1991 web page found, password lost

In response to an NPR story on the CERN project to restore the first website Paul Jones got in touch to say that he has a 1991 web page put together by the WWW team as a demonstration for the Hypertext '91 conference in San Antonio, Texas. Here it is:

http://www.ibiblio.org/pjones/old.page.html

This page comes with some great stories and anecdotes that Paul shared with me during a Skype call.

The paper that Tim Berners-Lee and Robert Cailliau submitted to the conference was rejected, and they had to set up shop with their NeXT machine on a table at the venue where they would demonstrate the world wide web to passing delegates. This web page was set up for offline demonstration purposes. The hypertext community were unimpressed with the web; it looked rather simple.

After the conference, however, Tim went knocking on doors. One of those doors belonged to Paul Jones at the University of North Carolina. Paul had a NeXT and Tim demonstrated the world wide web on it using this page.

If you look carefully at the first sentence in the document it reads, 'Welcome to this demonfdgfgstration for Hypertext '91.'

The word 'demonstration' got jumbled up as Tim demonstrated how to create and edit links right from the World Wide Web browser / editor on the NeXT. 
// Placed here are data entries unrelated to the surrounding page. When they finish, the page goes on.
(* Let $X$ be a non-empty presheaf of sets on $\mathscr{V}_f$ which is finite of degree $d$. Then (1) $|X(V)|<\infty$ for every finite-dimensional $V$; (2) $\gamma_X(t)=O(t^d)$.
   Context: $p$ prime, $\mathbb{F}=\mathbb{F}_p$, $\mathscr{V}_f$ finite-dimensional $\mathbb{F}$-vector spaces. $\mathscr{F}$ is the abelian category of functors $\mathscr{V}_f^{\mathrm{op}}\to$ ($\mathbb{F}$-vector spaces); $\mathbb{F}[X]$ is sectionwise linearization and $q_n$ is the left adjoint of the inclusion of functors of Eilenberg–MacLane polynomial degree $\le n$. A presheaf $X$ is finite if it embeds in a functor of $\mathscr{F}$ with a finite composition series; its degree is the least $n$ such that $X\to\mathbb{F}[X]\to q_n\mathbb{F}[X]$ is a monomorphism (equivalently the least polynomial degree of a finite functor into which $X$ embeds). The growth function is $\gamma_X(t)=\log_p|X(\mathbb{F}^t)|$ for $t\in\mathbb{N}$. *)

theory Defs
  imports "Jordan_Normal_Form.Matrix" "HOL-Library.Landau_Symbols"
begin

text \<open>The base field is a finite field type 'k of prime cardinality p
(i.e. F_p). The category V_f is represented by its skeleton: objects are the
natural numbers n (standing for F^n), and a morphism F^m -> F^n is a matrix
A in carrier_mat n m (n rows, m columns); composition is matrix product and the
identity of F^n is 1_m n.\<close>

definition presheaf :: "(nat \<Rightarrow> 'a set) \<Rightarrow> ('k::field mat \<Rightarrow> 'a \<Rightarrow> 'a) \<Rightarrow> bool" where
  "presheaf X Xmap \<longleftrightarrow>
     (\<forall>n m A. A \<in> carrier_mat n m \<longrightarrow> (\<forall>x\<in>X n. Xmap A x \<in> X m)) \<and>
     (\<forall>n. \<forall>x\<in>X n. Xmap (1\<^sub>m n) x = x) \<and>
     (\<forall>n m l A B. A \<in> carrier_mat n m \<longrightarrow> B \<in> carrier_mat m l \<longrightarrow>
        (\<forall>x\<in>X n. Xmap (A * B) x = Xmap B (Xmap A x)))"

text \<open>Vectors of the values of a functor in the category F are modelled as elements of
the F-vector space nat => 'k (pointwise operations); each value is a subspace.\<close>
definition vzero :: "nat \<Rightarrow> 'k::field" where "vzero = (\<lambda>_. 0)"

definition subspace_k :: "(nat \<Rightarrow> 'k::field) set \<Rightarrow> bool" where
  "subspace_k S \<longleftrightarrow> vzero \<in> S \<and>
     (\<forall>x\<in>S. \<forall>y\<in>S. (\<lambda>i. x i + y i) \<in> S) \<and>
     (\<forall>c. \<forall>x\<in>S. (\<lambda>i. c * x i) \<in> S)"

definition linear_on_k :: "(nat \<Rightarrow> 'k::field) set \<Rightarrow> ((nat \<Rightarrow> 'k) \<Rightarrow> (nat \<Rightarrow> 'k)) \<Rightarrow> bool" where
  "linear_on_k S f \<longleftrightarrow>
     (\<forall>x\<in>S. \<forall>y\<in>S. f (\<lambda>i. x i + y i) = (\<lambda>i. f x i + f y i)) \<and>
     (\<forall>c. \<forall>x\<in>S. f (\<lambda>i. c * x i) = (\<lambda>i. c * f x i))"

definition vfunctor :: "(nat \<Rightarrow> (nat \<Rightarrow> 'k::field) set) \<Rightarrow> ('k mat \<Rightarrow> (nat \<Rightarrow> 'k) \<Rightarrow> (nat \<Rightarrow> 'k)) \<Rightarrow> bool" where
  "vfunctor F Fmap \<longleftrightarrow>
     (\<forall>n. subspace_k (F n)) \<and>
     (\<forall>n m A. A \<in> carrier_mat n m \<longrightarrow> (\<forall>x\<in>F n. Fmap A x \<in> F m) \<and> linear_on_k (F n) (Fmap A)) \<and>
     (\<forall>n. \<forall>x\<in>F n. Fmap (1\<^sub>m n) x = x) \<and>
     (\<forall>n m l A B. A \<in> carrier_mat n m \<longrightarrow> B \<in> carrier_mat m l \<longrightarrow>
        (\<forall>x\<in>F n. Fmap (A * B) x = Fmap B (Fmap A x)))"

definition subfunctor :: "(nat \<Rightarrow> (nat \<Rightarrow> 'k::field) set) \<Rightarrow> (nat \<Rightarrow> (nat \<Rightarrow> 'k) set) \<Rightarrow> ('k mat \<Rightarrow> (nat \<Rightarrow> 'k) \<Rightarrow> (nat \<Rightarrow> 'k)) \<Rightarrow> bool" where
  "subfunctor G F Fmap \<longleftrightarrow>
     (\<forall>n. subspace_k (G n) \<and> G n \<subseteq> F n) \<and>
     (\<forall>n m A. A \<in> carrier_mat n m \<longrightarrow> (\<forall>x\<in>G n. Fmap A x \<in> G m))"

text \<open>A finite functor: one admitting a finite composition series
0 = G_0 < G_1 < ... < G_k = F of subfunctors with simple subquotients
(i.e. no subfunctor strictly between consecutive terms).\<close>
definition finite_functor :: "(nat \<Rightarrow> (nat \<Rightarrow> 'k::field) set) \<Rightarrow> ('k mat \<Rightarrow> (nat \<Rightarrow> 'k) \<Rightarrow> (nat \<Rightarrow> 'k)) \<Rightarrow> bool" where
  "finite_functor F Fmap \<longleftrightarrow> vfunctor F Fmap \<and>
     (\<exists>k (Gs :: nat \<Rightarrow> nat \<Rightarrow> (nat \<Rightarrow> 'k) set).
        Gs 0 = (\<lambda>n. {vzero}) \<and> Gs k = F \<and>
        (\<forall>i\<le>k. subfunctor (Gs i) F Fmap) \<and>
        (\<forall>i<k. Gs i < Gs (Suc i) \<and>
           \<not> (\<exists>H. subfunctor H F Fmap \<and> Gs i < H \<and> H < Gs (Suc i))))"

text \<open>Inclusion of F^(N - (b - a)) into F^N omitting the coordinate block [a, b).\<close>
definition incl_omit :: "nat \<Rightarrow> nat \<Rightarrow> nat \<Rightarrow> 'k::{zero,one} mat" where
  "incl_omit N a b = mat N (N - (b - a))
     (\<lambda>(r, c). if (c < a \<and> r = c) \<or> (a \<le> c \<and> r = c + (b - a)) then 1 else 0)"
(* Let $n\equiv 3\pmod 4$ with $n>3$. Let $1\le r\le m$, let $M_r\in\mathfrak{C}_r$, and suppose $\det\tilde M_r>0$. Then the set of elements $E_m\in\mathfrak{E}_m$ with $\det\tilde E_m>0$ is non-empty.
   Context: Fix an integer $n\equiv 3\pmod 4$, $n>3$. For $m\ge1$, $\mathfrak{C}_m$ is the set of symmetric positive definite $m\times m$ integer matrices $C=(c_{ij})$ with $c_{ii}=n$ and $c_{ij}\equiv n\pmod 4$ for all $i,j$. Given a fixed $M_r\in\mathfrak{C}_r$, for $m\ge r$, $\mathfrak{E}_m$ is the set of $E_m\in\mathfrak{C}_m$ whose leading $r\times r$ submatrix is $M_r$. For a square matrix $C$ of order $m$, $\tilde C$ denotes the matrix obtained from $C$ by replacing its $(m,m)$ entry by $3$. *)

theory Defs
  imports "Jordan_Normal_Form.Determinant"
begin

definition pos_def_int_mat :: "int mat \<Rightarrow> bool" where
  "pos_def_int_mat C \<longleftrightarrow> (\<exists>m. C \<in> carrier_mat m m \<and>
     (\<forall>x \<in> carrier_vec m. x \<noteq> 0\<^sub>v m \<longrightarrow>
        x \<bullet> (map_mat (of_int :: int \<Rightarrow> real) C *\<^sub>v x) > 0))"

definition frakC :: "int \<Rightarrow> nat \<Rightarrow> int mat set" where
  "frakC n m = {C. C \<in> carrier_mat m m \<and> transpose_mat C = C \<and> pos_def_int_mat C \<and>
     (\<forall>i<m. C $$ (i,i) = n) \<and> (\<forall>i<m. \<forall>j<m. C $$ (i,j) mod 4 = n mod 4)}"

definition frakE :: "int \<Rightarrow> int mat \<Rightarrow> nat \<Rightarrow> int mat set" where
  "frakE n M m = {E \<in> frakC n m. \<forall>i < dim_row M. \<forall>j < dim_row M. E $$ (i,j) = M $$ (i,j)}"

definition tilde :: "int mat \<Rightarrow> int mat" where
  "tilde C = mat (dim_row C) (dim_col C)
     (\<lambda>(i,j). if i = dim_row C - 1 \<and> j = dim_col C - 1 then 3 else C $$ (i,j))"

end

theory Submission
  imports Defs
begin
(* For every virtual knot $K$ there exists a positive integer $n$ such that $K$ can be represented on a $1\times n$ virtual rectangular mosaic (a row mosaic).
   Context: Mosaic tiles are the eleven standard unit-square tiles $T_0,\dots,T_{10}$: $T_0$ is blank; $T_1,\dots,T_4$ each contain a single arc joining the midpoints of two adjacent sides; $T_5$ (horizontal) and $T_6$ (vertical) each contain a single straight segment joining midpoints of opposite sides; $T_7,T_8$ each contain two disjoint arcs, each joining midpoints of two adjacent sides; $T_9,T_{10}$ are the two crossing tiles, containing a horizontal and a vertical segment crossing at the center, with the vertical strand over in one and the horizontal strand over in the other. A virtual rectangular mosaic is an $m\times n$ array of such tiles together with a pairing (with orientation) of the $2(m+n)$ boundary unit edges of the array such that the quotient ("closure") is a closed orientable surface $\Sigma_D$ carrying a knot or link diagram $D$; this represents a virtual knot/link (a knot diagram on a closed orientable surface up to stable equivalence; equivalently, a virtual knot diagram up to generalized Reidemeister moves, with interlocking boundary edge pairs giving virtual crossings). A row mosaic is a $1\times n$ virtual rectangular mosaic. *)

theory Defs
  imports Main
begin

section \<open>Virtual knots as signed Gauss codes modulo Reidemeister moves\<close>

text \<open>A symbol of a signed Gauss code: (crossing label, passes over?, positive crossing?).
  A (one-component) virtual knot diagram is a cyclic word of such symbols in which every
  label occurs exactly twice, once over and once under, with the same sign
  (Goussarov-Polyak-Viro Gauss diagrams). Cyclicity is handled by rotation moves.\<close>

type_synonym gsym = "nat \<times> bool \<times> bool"

definition labels :: "gsym list \<Rightarrow> nat set" where
  "labels w = fst ` set w"

definition valid_gauss :: "gsym list \<Rightarrow> bool" where
  "valid_gauss w \<longleftrightarrow> (\<forall>c \<in> labels w. \<exists>s.
      filter (\<lambda>x. fst x = c) w = [(c, True, s), (c, False, s)] \<or>
      filter (\<lambda>x. fst x = c) w = [(c, False, s), (c, True, s)])"

text \<open>Top strand T crosses middle strand M at x and bottom
  strand B at y; M crosses B at z. The three adjacent segments of the code
  along T, M, B; the realizable configurations are exactly those with orders determined by
  the signs and a parameter mu; the move flips mu (reverses all three segments).\<close>

definition tri_T :: "bool \<Rightarrow> nat \<Rightarrow> nat \<Rightarrow> nat \<Rightarrow> bool \<Rightarrow> bool \<Rightarrow> bool \<Rightarrow> gsym list" where
  "tri_T mu x y z sx sy sz =
     (if mu = sz then [(x, True, sx), (y, True, sy)] else [(y, True, sy), (x, True, sx)])"

definition tri_M :: "bool \<Rightarrow> nat \<Rightarrow> nat \<Rightarrow> nat \<Rightarrow> bool \<Rightarrow> bool \<Rightarrow> bool \<Rightarrow> gsym list" where
  "tri_M mu x y z sx sy sz =
     (if mu = sy then [(x, False, sx), (z, True, sz)] else [(z, True, sz), (x, False, sx)])"

definition tri_B :: "bool \<Rightarrow> nat \<Rightarrow> nat \<Rightarrow> nat \<Rightarrow> bool \<Rightarrow> bool \<Rightarrow> bool \<Rightarrow> gsym list" where
  "tri_B mu x y z sx sy sz =
     (if mu = sx then [(y, False, sy), (z, False, sz)] else [(z, False, sz), (y, False, sy)])"

inductive gmove :: "gsym list \<Rightarrow> gsym list \<Rightarrow> bool" where
  rot: "gmove w (rotate1 w)"
| rename: "inj_on f (labels w) \<Longrightarrow> gmove w (map (\<lambda>(c, ov, s). (f c, ov, s)) w)"
| R1: "gmove (u @ v) (u @ [(c, ov, s), (c, \<not> ov, s)] @ v)"
| R2: "a \<noteq> b \<Longrightarrow> X \<in> {[(a, False, s), (b, False, \<not> s)], [(b, False, \<not> s), (a, False, s)]} \<Longrightarrow>
       gmove (u1 @ u2 @ u3) (u1 @ [(a, True, s), (b, True, \<not> s)] @ u2 @ X @ u3)"
| R3a: "distinct [x, y, z] \<Longrightarrow>
       gmove (u1 @ tri_T mu x y z sx sy sz @ u2 @ tri_M mu x y z sx sy sz @ u3 @ tri_B mu x y z sx sy sz @ u4)
             (u1 @ tri_T (\<not> mu) x y z sx sy sz @ u2 @ tri_M (\<not> mu) x y z sx sy sz @ u3 @ tri_B (\<not> mu) x y z sx sy sz @ u4)"
| R3b: "distinct [x, y, z] \<Longrightarrow>
       gmove (u1 @ tri_T mu x y z sx sy sz @ u2 @ tri_B mu x y z sx sy sz @ u3 @ tri_M mu x y z sx sy sz @ u4)
             (u1 @ tri_T (\<not> mu) x y z sx sy sz @ u2 @ tri_B (\<not> mu) x y z sx sy sz @ u3 @ tri_M (\<not> mu) x y z sx sy sz @ u4)"

definition gstep :: "gsym list \<Rightarrow> gsym list \<Rightarrow> bool" where
  "gstep w w' \<longleftrightarrow> valid_gauss w \<and> valid_gauss w' \<and> gmove w w'"

definition gauss_equiv :: "gsym list \<Rightarrow> gsym list \<Rightarrow> bool" where
  "gauss_equiv = equivclp gstep"

datatype side = Nth | Est | Sth | Wst

datatype tile = T0 | T1 | T2 | T3 | T4 | T5 | T6 | T7 | T8 | T9 | T10

text \<open>Strands of a tile, each given by the two sides whose midpoints it joins.
  T9: vertical strand over; T10: horizontal strand over.\<close>
fun tile_strands :: "tile \<Rightarrow> side set set" where
  "tile_strands T0 = {}"
| "tile_strands T1 = {{Wst, Sth}}"
| "tile_strands T2 = {{Sth, Est}}"
| "tile_strands T3 = {{Est, Nth}}"
| "tile_strands T4 = {{Nth, Wst}}"
| "tile_strands T5 = {{Wst, Est}}"
| "tile_strands T6 = {{Nth, Sth}}"
| "tile_strands T7 = {{Wst, Nth}, {Sth, Est}}"
| "tile_strands T8 = {{Wst, Sth}, {Nth, Est}}"
| "tile_strands T9 = {{Wst, Est}, {Nth, Sth}}"
| "tile_strands T10 = {{Wst, Est}, {Nth, Sth}}"

text \<open>Tiles are indexed (i,j), row i < m (top to bottom), column j < n. A port (i,j,s) is
  the side s of tile (i,j). Boundary unit edges are the ports facing outwards.\<close>

type_synonym port = "nat \<times> nat \<times> side"

definition bedges :: "nat \<Rightarrow> nat \<Rightarrow> port set" where
  "bedges m n = {(0, j, Nth) | j. j < n} \<union> {(m - 1, j, Sth) | j. j < n}
              \<union> {(i, 0, Wst) | i. i < m} \<union> {(i, n - 1, Est) | i. i < m}"

text \<open>A virtual rectangular mosaic: an m x n array of tiles with a pairing (fixed-point free
  involution) of the boundary edges; each pair is glued orientation-reversingly with respect
  to the boundary orientation, which is exactly the condition for the closure to be orientable.\<close>
definition virtual_mosaic :: "nat \<Rightarrow> nat \<Rightarrow> (nat \<Rightarrow> nat \<Rightarrow> tile) \<Rightarrow> (port \<Rightarrow> port) \<Rightarrow> bool" where
  "virtual_mosaic m n g P \<longleftrightarrow> 0 < m \<and> 0 < n \<and>
     (\<forall>e \<in> bedges m n. P e \<in> bedges m n \<and> P e \<noteq> e \<and> P (P e) = e)"

fun link :: "nat \<Rightarrow> nat \<Rightarrow> (port \<Rightarrow> port) \<Rightarrow> port \<Rightarrow> port" where
  "link m n P (i, j, s) =
     (if (i, j, s) \<in> bedges m n then P (i, j, s)
      else (case s of Nth \<Rightarrow> (i - 1, j, Sth) | Sth \<Rightarrow> (i + 1, j, Nth)
                    | Wst \<Rightarrow> (i, j - 1, Est) | Est \<Rightarrow> (i, j + 1, Wst)))"

text \<open>A passage (i,j,a,b): traversal of a strand of tile (i,j) entering at side a, leaving at b.\<close>
type_synonym passage = "nat \<times> nat \<times> side \<times> side"

fun p_tile :: "passage \<Rightarrow> nat \<times> nat" where "p_tile (i, j, a, b) = (i, j)"
fun p_entry :: "passage \<Rightarrow> port" where "p_entry (i, j, a, b) = (i, j, a)"
fun p_exit :: "passage \<Rightarrow> port" where "p_exit (i, j, a, b) = (i, j, b)"
fun p_strand :: "passage \<Rightarrow> nat \<times> nat \<times> side set" where "p_strand (i, j, a, b) = (i, j, {a, b})"
fun p_out :: "passage \<Rightarrow> side" where "p_out (i, j, a, b) = b"

definition strands :: "nat \<Rightarrow> nat \<Rightarrow> (nat \<Rightarrow> nat \<Rightarrow> tile) \<Rightarrow> (nat \<times> nat \<times> side set) set" where
  "strands m n g = {(i, j, st) | i j st. i < m \<and> j < n \<and> st \<in> tile_strands (g i j)}"

text \<open>The diagram D on the closure is a knot, traversed (with an orientation) by the cyclic
  list of passages ps: consecutive passages are joined on the closure, and every strand of
  every tile is traversed exactly once. (This also forces all strand endpoints to be matched.)\<close>
definition knot_traversal ::
  "nat \<Rightarrow> nat \<Rightarrow> (nat \<Rightarrow> nat \<Rightarrow> tile) \<Rightarrow> (port \<Rightarrow> port) \<Rightarrow> passage list \<Rightarrow> bool" where
  "knot_traversal m n g P ps \<longleftrightarrow> ps \<noteq> [] \<and>
     distinct (map p_strand ps) \<and> set (map p_strand ps) = strands m n g \<and>
     (\<forall>k < length ps. link m n P (p_exit (ps ! k)) = p_entry (ps ! ((k + 1) mod length ps)))"

definition is_crossing :: "tile \<Rightarrow> bool" where
  "is_crossing t \<longleftrightarrow> t = T9 \<or> t = T10"

definition horizontal :: "passage \<Rightarrow> bool" where
  "horizontal p \<longleftrightarrow> p_out p \<in> {Wst, Est}"

text \<open>Direction components at crossing tile (i,j) (x to the right, y upward = north).\<close>
definition hdir :: "passage list \<Rightarrow> nat \<times> nat \<Rightarrow> int" where
  "hdir ps c = (if p_out (the (find (\<lambda>q. p_tile q = c \<and> horizontal q) ps)) = Est then 1 else -1)"

definition vdir :: "passage list \<Rightarrow> nat \<times> nat \<Rightarrow> int" where
  "vdir ps c = (if p_out (the (find (\<lambda>q. p_tile q = c \<and> \<not> horizontal q) ps)) = Nth then 1 else -1)"

text \<open>Sign of a crossing: sign of det(over direction, under direction), the closure being
  oriented by the orientation of the plane containing the tiles.\<close>
definition crossing_positive :: "(nat \<Rightarrow> nat \<Rightarrow> tile) \<Rightarrow> passage list \<Rightarrow> nat \<times> nat \<Rightarrow> bool" where
  "crossing_positive g ps c \<longleftrightarrow>
     (if g (fst c) (snd c) = T10 then hdir ps c * vdir ps c > 0 else - (hdir ps c * vdir ps c) > 0)"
Paul pulled this file off his NeXT some time ago. 

"I can't believe how many machines my data has been on!" he laughs. "There's plenty more stuff on that NeXT, only I've forgotten the password..."

What a great find. I'm sure there is a way to get copies of these old files - and Paul is on to it already. I'll be sure to post updates here if we get news on this.

Comments

Thanks Dan for the blog entry and Michael for the password reset trick. My own 1991 page created during Tim's visit is here: http://ibiblio.org/pjones/old.paul.html
The NeXT resists booting even in single user mode. It is "Waiting for drive to come ready................." and giving me that once comfortable and regular NeXT thunking sound as it tries to read the disk (the NeXT 1.0 floptical as well as the internal hard disk).
More news from the past as it happens.

Yeah, those magneto-optical disks were definitely flaky, although they should remain readable 20 years later thanks to the asymmetric read/write technology employed. The trouble is finding a drive in good enough condition to read the media. Perhaps the Bolo computer museum in Lausanne has one? Then I've got a few archives to share...

I have a number of working drives and have dumped 200+ ODD, so if anyone needs media read, or parts for a machine, let me know. I probably have a lot of the early WWW discussions archived somewhere too.

Paul, in your archived home page, you have a link to "Danish sounds" that points to granit.dtb.dk: this was the web site I created in July 1992 for the National Library of Denmark... on a NeXT, hence the "matte black stone"-inspired machine name. One more early site to restore!